(Stored dataset items)
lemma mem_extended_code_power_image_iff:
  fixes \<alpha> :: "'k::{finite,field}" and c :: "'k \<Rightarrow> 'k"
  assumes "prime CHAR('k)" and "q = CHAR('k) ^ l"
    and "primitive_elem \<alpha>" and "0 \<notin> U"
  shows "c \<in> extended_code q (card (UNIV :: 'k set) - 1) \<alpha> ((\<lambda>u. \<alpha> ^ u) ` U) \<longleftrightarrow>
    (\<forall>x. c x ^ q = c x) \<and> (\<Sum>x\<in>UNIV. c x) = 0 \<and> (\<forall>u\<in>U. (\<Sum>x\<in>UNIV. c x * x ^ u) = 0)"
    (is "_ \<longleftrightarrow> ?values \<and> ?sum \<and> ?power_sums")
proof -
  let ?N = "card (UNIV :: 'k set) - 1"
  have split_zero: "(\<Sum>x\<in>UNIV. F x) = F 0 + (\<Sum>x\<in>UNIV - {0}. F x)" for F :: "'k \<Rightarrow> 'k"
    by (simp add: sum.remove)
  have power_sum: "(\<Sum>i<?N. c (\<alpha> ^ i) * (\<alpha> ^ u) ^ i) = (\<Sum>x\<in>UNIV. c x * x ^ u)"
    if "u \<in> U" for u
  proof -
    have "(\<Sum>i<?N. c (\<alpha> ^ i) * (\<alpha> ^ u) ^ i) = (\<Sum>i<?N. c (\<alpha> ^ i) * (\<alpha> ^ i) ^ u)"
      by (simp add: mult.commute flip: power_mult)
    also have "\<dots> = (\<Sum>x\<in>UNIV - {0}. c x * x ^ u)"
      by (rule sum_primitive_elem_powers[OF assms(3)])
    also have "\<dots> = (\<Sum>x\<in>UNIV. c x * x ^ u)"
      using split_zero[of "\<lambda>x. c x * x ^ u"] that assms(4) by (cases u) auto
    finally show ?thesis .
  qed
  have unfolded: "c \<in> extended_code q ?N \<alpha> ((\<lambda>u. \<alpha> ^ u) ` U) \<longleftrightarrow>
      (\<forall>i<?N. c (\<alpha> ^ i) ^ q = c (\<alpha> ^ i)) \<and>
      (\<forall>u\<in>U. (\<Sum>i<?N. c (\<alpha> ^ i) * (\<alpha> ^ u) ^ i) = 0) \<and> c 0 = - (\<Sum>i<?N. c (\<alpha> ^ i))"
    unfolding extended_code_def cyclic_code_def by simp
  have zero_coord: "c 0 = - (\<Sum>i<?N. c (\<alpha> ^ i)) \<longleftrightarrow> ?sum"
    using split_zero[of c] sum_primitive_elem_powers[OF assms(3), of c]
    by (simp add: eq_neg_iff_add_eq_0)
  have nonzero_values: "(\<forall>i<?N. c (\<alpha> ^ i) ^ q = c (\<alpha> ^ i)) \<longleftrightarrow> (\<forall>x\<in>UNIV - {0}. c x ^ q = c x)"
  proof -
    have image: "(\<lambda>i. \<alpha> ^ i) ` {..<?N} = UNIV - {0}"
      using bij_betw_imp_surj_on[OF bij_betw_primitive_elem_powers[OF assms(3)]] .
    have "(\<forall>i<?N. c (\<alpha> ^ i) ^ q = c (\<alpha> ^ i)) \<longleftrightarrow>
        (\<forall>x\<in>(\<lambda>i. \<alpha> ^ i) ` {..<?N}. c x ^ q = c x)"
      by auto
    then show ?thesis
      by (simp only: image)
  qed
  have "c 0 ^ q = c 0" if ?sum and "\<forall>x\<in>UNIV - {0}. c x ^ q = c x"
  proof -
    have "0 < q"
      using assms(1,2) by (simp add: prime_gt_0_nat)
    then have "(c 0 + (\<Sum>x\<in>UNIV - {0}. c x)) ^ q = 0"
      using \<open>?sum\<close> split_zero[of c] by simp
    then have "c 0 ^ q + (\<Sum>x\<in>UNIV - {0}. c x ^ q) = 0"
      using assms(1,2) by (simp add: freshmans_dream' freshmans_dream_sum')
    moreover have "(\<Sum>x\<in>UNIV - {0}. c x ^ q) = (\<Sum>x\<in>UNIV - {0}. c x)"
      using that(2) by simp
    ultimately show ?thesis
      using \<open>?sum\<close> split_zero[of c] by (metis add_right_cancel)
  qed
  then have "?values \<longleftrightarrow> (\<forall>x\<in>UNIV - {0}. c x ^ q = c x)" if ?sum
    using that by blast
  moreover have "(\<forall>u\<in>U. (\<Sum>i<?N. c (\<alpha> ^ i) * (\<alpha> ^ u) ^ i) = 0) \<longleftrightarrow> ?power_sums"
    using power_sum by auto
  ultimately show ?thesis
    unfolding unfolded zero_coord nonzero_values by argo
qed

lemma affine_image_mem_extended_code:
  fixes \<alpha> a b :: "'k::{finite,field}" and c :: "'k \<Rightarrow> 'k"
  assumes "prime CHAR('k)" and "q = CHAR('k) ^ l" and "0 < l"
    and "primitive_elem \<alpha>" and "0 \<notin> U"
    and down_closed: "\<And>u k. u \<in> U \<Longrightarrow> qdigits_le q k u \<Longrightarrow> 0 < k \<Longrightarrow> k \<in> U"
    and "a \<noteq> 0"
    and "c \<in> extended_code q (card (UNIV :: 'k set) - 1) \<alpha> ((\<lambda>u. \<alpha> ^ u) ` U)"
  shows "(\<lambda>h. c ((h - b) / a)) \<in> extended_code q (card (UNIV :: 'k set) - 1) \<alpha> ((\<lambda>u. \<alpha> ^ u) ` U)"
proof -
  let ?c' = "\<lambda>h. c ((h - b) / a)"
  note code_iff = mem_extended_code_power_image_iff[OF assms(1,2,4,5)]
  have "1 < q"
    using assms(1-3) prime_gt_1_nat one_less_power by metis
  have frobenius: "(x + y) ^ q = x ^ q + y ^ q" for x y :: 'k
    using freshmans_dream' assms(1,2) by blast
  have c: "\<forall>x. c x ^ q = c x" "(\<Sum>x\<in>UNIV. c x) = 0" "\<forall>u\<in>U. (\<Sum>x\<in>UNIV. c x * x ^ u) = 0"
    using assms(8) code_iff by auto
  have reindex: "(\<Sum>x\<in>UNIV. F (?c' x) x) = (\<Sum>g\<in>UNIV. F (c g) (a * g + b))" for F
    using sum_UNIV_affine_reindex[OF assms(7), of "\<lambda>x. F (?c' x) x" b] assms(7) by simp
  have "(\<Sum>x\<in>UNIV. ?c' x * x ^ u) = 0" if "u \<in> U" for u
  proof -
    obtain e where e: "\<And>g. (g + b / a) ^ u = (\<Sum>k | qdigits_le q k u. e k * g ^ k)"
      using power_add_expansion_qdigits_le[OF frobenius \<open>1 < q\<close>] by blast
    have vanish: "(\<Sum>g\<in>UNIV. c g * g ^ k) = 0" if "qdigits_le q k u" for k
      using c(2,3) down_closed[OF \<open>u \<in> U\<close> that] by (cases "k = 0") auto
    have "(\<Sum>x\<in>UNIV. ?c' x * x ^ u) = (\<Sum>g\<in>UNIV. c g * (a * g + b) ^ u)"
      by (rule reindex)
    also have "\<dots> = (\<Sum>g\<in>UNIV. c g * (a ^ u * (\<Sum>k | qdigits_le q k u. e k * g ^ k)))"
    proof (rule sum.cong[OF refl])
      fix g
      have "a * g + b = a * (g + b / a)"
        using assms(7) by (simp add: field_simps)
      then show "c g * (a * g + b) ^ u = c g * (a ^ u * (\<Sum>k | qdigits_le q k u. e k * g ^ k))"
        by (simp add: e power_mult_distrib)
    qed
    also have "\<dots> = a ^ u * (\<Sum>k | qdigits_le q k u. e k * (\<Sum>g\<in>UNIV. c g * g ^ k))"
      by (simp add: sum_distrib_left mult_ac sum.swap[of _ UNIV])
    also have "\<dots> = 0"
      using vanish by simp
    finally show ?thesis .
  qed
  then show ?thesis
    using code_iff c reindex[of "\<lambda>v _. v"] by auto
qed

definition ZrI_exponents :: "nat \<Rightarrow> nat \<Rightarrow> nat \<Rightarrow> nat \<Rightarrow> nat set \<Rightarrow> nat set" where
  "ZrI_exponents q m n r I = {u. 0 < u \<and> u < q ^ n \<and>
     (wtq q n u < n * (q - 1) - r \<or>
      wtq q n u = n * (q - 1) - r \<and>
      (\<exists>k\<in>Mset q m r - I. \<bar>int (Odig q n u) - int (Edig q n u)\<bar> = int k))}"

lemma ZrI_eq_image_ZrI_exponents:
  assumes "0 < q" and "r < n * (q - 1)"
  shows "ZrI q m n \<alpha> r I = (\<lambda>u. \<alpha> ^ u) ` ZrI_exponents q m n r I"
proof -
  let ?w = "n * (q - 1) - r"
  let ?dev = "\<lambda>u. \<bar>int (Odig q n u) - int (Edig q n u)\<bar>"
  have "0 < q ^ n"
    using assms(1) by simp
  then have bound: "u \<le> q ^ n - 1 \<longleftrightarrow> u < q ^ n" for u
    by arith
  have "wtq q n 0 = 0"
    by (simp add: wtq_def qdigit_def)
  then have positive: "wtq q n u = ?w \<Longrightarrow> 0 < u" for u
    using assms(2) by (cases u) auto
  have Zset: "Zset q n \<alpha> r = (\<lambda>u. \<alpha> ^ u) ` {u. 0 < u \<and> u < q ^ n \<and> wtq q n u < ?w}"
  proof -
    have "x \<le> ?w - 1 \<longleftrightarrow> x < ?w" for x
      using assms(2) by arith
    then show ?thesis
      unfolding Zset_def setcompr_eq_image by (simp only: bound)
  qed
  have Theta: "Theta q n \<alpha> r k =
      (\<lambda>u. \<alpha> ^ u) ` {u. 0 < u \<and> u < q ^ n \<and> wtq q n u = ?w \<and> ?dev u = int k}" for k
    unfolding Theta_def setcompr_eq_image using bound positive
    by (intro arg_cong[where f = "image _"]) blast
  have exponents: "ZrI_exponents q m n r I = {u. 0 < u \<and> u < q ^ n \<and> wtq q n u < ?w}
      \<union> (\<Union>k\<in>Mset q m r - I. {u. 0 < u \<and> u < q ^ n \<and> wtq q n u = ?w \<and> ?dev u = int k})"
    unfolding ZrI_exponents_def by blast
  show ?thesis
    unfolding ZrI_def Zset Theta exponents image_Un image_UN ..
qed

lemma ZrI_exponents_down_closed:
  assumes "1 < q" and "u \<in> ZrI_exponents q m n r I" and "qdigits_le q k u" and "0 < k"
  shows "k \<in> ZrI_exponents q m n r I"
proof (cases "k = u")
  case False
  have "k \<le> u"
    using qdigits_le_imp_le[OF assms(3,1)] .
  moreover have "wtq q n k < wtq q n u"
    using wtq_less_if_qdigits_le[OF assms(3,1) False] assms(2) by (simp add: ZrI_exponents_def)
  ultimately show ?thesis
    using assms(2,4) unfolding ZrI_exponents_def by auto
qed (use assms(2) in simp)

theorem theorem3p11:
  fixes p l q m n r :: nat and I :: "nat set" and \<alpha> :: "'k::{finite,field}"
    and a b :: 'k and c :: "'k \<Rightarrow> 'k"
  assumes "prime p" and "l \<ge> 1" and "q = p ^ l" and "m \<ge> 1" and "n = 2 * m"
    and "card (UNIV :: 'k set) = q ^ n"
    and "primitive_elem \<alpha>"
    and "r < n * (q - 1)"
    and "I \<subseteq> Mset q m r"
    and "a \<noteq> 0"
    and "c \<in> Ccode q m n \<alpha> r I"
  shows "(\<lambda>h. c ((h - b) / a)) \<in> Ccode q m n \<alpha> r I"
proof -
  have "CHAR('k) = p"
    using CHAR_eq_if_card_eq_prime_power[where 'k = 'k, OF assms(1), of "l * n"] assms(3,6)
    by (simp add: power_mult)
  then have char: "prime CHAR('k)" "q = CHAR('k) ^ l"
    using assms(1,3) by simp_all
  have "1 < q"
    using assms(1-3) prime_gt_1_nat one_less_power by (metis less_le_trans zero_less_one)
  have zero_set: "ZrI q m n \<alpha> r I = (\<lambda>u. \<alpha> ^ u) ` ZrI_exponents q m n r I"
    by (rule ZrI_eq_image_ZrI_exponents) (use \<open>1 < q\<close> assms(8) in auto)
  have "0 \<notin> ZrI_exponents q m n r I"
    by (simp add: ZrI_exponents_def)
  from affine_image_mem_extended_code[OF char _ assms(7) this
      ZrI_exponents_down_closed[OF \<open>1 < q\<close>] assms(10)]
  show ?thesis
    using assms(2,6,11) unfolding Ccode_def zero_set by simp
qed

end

- Exercise instructions -
Set down, exactly as written, each line of the data from its opening line through the one containing "0) \<and> c". Output nothing more.

- Answer for this exercise -
lemma mem_extended_code_power_image_iff:
  fixes \<alpha> :: "'k::{finite,field}" and c :: "'k \<Rightarrow> 'k"
  assumes "prime CHAR('k)" and "q = CHAR('k) ^ l"
    and "primitive_elem \<alpha>" and "0 \<notin> U"
  shows "c \<in> extended_code q (card (UNIV :: 'k set) - 1) \<alpha> ((\<lambda>u. \<alpha> ^ u) ` U) \<longleftrightarrow>
    (\<forall>x. c x ^ q = c x) \<and> (\<Sum>x\<in>UNIV. c x) = 0 \<and> (\<forall>u\<in>U. (\<Sum>x\<in>UNIV. c x * x ^ u) = 0)"
    (is "_ \<longleftrightarrow> ?values \<and> ?sum \<and> ?power_sums")
proof -
  let ?N = "card (UNIV :: 'k set) - 1"
  have split_zero: "(\<Sum>x\<in>UNIV. F x) = F 0 + (\<Sum>x\<in>UNIV - {0}. F x)" for F :: "'k \<Rightarrow> 'k"
    by (simp add: sum.remove)
  have power_sum: "(\<Sum>i<?N. c (\<alpha> ^ i) * (\<alpha> ^ u) ^ i) = (\<Sum>x\<in>UNIV. c x * x ^ u)"
    if "u \<in> U" for u
  proof -
    have "(\<Sum>i<?N. c (\<alpha> ^ i) * (\<alpha> ^ u) ^ i) = (\<Sum>i<?N. c (\<alpha> ^ i) * (\<alpha> ^ i) ^ u)"
      by (simp add: mult.commute flip: power_mult)
    also have "\<dots> = (\<Sum>x\<in>UNIV - {0}. c x * x ^ u)"
      by (rule sum_primitive_elem_powers[OF assms(3)])
    also have "\<dots> = (\<Sum>x\<in>UNIV. c x * x ^ u)"
      using split_zero[of "\<lambda>x. c x * x ^ u"] that assms(4) by (cases u) auto
    finally show ?thesis .
  qed
  have unfolded: "c \<in> extended_code q ?N \<alpha> ((\<lambda>u. \<alpha> ^ u) ` U) \<longleftrightarrow>
      (\<forall>i<?N. c (\<alpha> ^ i) ^ q = c (\<alpha> ^ i)) \<and>
      (\<forall>u\<in>U. (\<Sum>i<?N. c (\<alpha> ^ i) * (\<alpha> ^ u) ^ i) = 0) \<and> c 0 = - (\<Sum>i<?N. c (\<alpha> ^ i))"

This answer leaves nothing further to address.